• 300 Gram Brinjals, cubed
• 350 Gram Sweet potato chunks
• 200 Gram Green beans
• 15 Millilitre Oil
• 300 Gram Lamb, cubed
• 15 Millilitre Tandoori paste
• 180 Millilitre Plain yoghurt
• 30 Millilitre Chopped fresh mint leaves
• 15 Millilitre Lime juice
• 100 Gram Assorted lettuce leaves
• 1 Cucumber, finely sliced
• 4 Wholewheat pita breads
1 Place brinjals, sweet potato chunks and green beans into a roasting dish and drizzle with 15 ml oil.
2 Roast for 30-40 min until soft and tender.
3 Combine lamb, tandoori paste, and 60 ml yogurt in a bowl and refrigerate for 10 min.
4 Heat a non-stick frying pan, add lamb cubes and brown.
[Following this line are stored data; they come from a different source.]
lemma scaleR_in_relint:
  assumes "c > 0" "z \<in> relint"
  shows "c *\<^sub>R z \<in> relint"
proof -
  obtain e where e: "z \<in> E" "e > 0" "\<forall>y\<in>E. dist y z < e \<longrightarrow> y \<in> K"
    using assms relint_iff by blast
  have "y \<in> K" if y: "y \<in> E" "dist y (c *\<^sub>R z) < c * e" for y
  proof -
    have "(1/c) *\<^sub>R y - z = (1/c) *\<^sub>R (y - c *\<^sub>R z)"
      using assms(1) by (simp add: scaleR_diff_right)
    then have "dist ((1/c) *\<^sub>R y) z = (1/c) * dist y (c *\<^sub>R z)"
      using assms(1) unfolding dist_norm by simp
    also have "\<dots> < e" using y assms(1) by (simp add: field_simps)
    finally have "(1/c) *\<^sub>R y \<in> K"
      using e y subspace_E by (simp add: subspace_scale)
    from scaleR_in_K[OF _ this, of c] show "y \<in> K" using assms(1) by simp
  qed
  moreover have "c *\<^sub>R z \<in> E" using e subspace_E by (simp add: subspace_scale)
  ultimately show ?thesis using relint_iff assms(1) e(2) by (meson mult_pos_pos)
qed

lemma scaleR_in_relint_iff: "c > 0 \<Longrightarrow> c *\<^sub>R z \<in> relint \<longleftrightarrow> z \<in> relint"
  using scaleR_in_relint[of c z] scaleR_in_relint[of "1 / c" "c *\<^sub>R z"] by auto

lemma add_in_relint:
  assumes "z \<in> relint" "k \<in> K"
  shows "z + k \<in> relint"
proof -
  obtain e where e: "z \<in> E" "e > 0" "\<forall>y\<in>E. dist y z < e \<longrightarrow> y \<in> K"
    using assms relint_iff by blast
  have k: "k \<in> E" using assms K_subset by auto
  have "y \<in> K" if y: "y \<in> E" "dist y (z + k) < e" for y
  proof -
    have "y - k \<in> K" using e y k subspace_E by (simp add: subspace_diff dist_norm algebra_simps)
    from add_in_K[OF this assms(2)] show ?thesis by simp
  qed
  moreover have "z + k \<in> E" using e k subspace_E by (simp add: subspace_add)
  ultimately show ?thesis using relint_iff e(2) by blast
qed

lemma zero_notin_relint: "0 \<notin> relint"
proof
  assume "0 \<in> relint"
  then obtain e where e: "e > 0" "\<forall>y\<in>E. dist y 0 < e \<longrightarrow> y \<in> K" using relint_iff by blast
  obtain v where v: "v \<in> E" "v \<noteq> 0" using nontrivial_E by blast
  define w where "w = (e / (2 * norm v)) *\<^sub>R v"
  have "norm w < e" "w \<noteq> 0" using e v by (simp_all add: w_def)
  moreover have "w \<in> E" using v subspace_E by (simp add: w_def subspace_scale)
  ultimately have "w \<in> K" "- w \<in> K" using e subspace_E by (simp_all add: subspace_neg)
  with \<open>w \<noteq> 0\<close> show False using eq_0_if_in_K_uminus by blast
qed

lemma exists_dominating_functional:
  obtains a :: 'v and b :: real where "b > 0" "\<forall>x\<in>K. b * norm x \<le> a \<bullet> x"
proof -
  let ?C = "K \<inter> sphere 0 1"
  have "0 \<notin> convex hull ?C"
  proof
    assume "0 \<in> convex hull ?C"
    then obtain S u where S: "finite S" "S \<subseteq> ?C" "\<forall>x\<in>S. 0 \<le> u x" "sum u S = 1"
        "(\<Sum>v\<in>S. u v *\<^sub>R v) = 0"
      unfolding convex_hull_explicit by blast
    obtain c where c: "c \<in> S" "u c > 0"
      using S(3,4) sum_nonpos[of S u] by (metis not_less zero_less_one not_le)
    have "(\<Sum>v\<in>S-{c}. u v *\<^sub>R v) \<in> K"
      using S by (intro sum_in_K scaleR_in_K) auto
    moreover have "- (u c *\<^sub>R c) = (\<Sum>v\<in>S-{c}. u v *\<^sub>R v)"
      using sum.remove[OF S(1) c(1), of "\<lambda>v. u v *\<^sub>R v"] S(5) by (simp add: add_eq_0_iff)
    moreover have "u c *\<^sub>R c \<in> K" using S(2) c by (auto intro: scaleR_in_K)
    ultimately have "u c *\<^sub>R c = 0" by (metis eq_0_if_in_K_uminus)
    moreover have "norm c = 1" using S(2) c(1) by auto
    ultimately show False using c(2) by simp
  qed
  moreover have "closed (convex hull ?C)"
    using closed_K by (simp add: closed_Int_compact compact_convex_hull compact_imp_closed)
  ultimately obtain a b where ab: "0 < b" "\<forall>x\<in>convex hull ?C. b < a \<bullet> x"
    using separating_hyperplane_closed_0[OF convex_convex_hull] by blast
  have "b * norm x \<le> a \<bullet> x" if x: "x \<in> K" for x
  proof (cases "x = 0")
    case False
    have "(1 / norm x) *\<^sub>R x \<in> ?C" using x False by (simp add: scaleR_in_K)
    then have "(1 / norm x) *\<^sub>R x \<in> convex hull ?C" by (rule hull_inc)
    then have "b < a \<bullet> ((1 / norm x) *\<^sub>R x)" using ab(2) by blast
    then have "b < a \<bullet> x / norm x" by simp
    then show ?thesis using False by (simp add: pos_less_divide_eq)
  qed simp
  then show ?thesis using that ab(1) by blast
qed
5 Add Knorr Fresh Ideas Country Hot Pot sachet contents and 300 ml cold water and cook for 25 min until thick and saucy.
6 Remove from the heat.
7 Blend the remaining yoghurt, mint and lime juice.
8 Place lettuce leaves and cucumber into the pita pockets and fill with lamb cubes.
9 Drizzle with fresh yoghurt dressing and serve with roasted vegetables.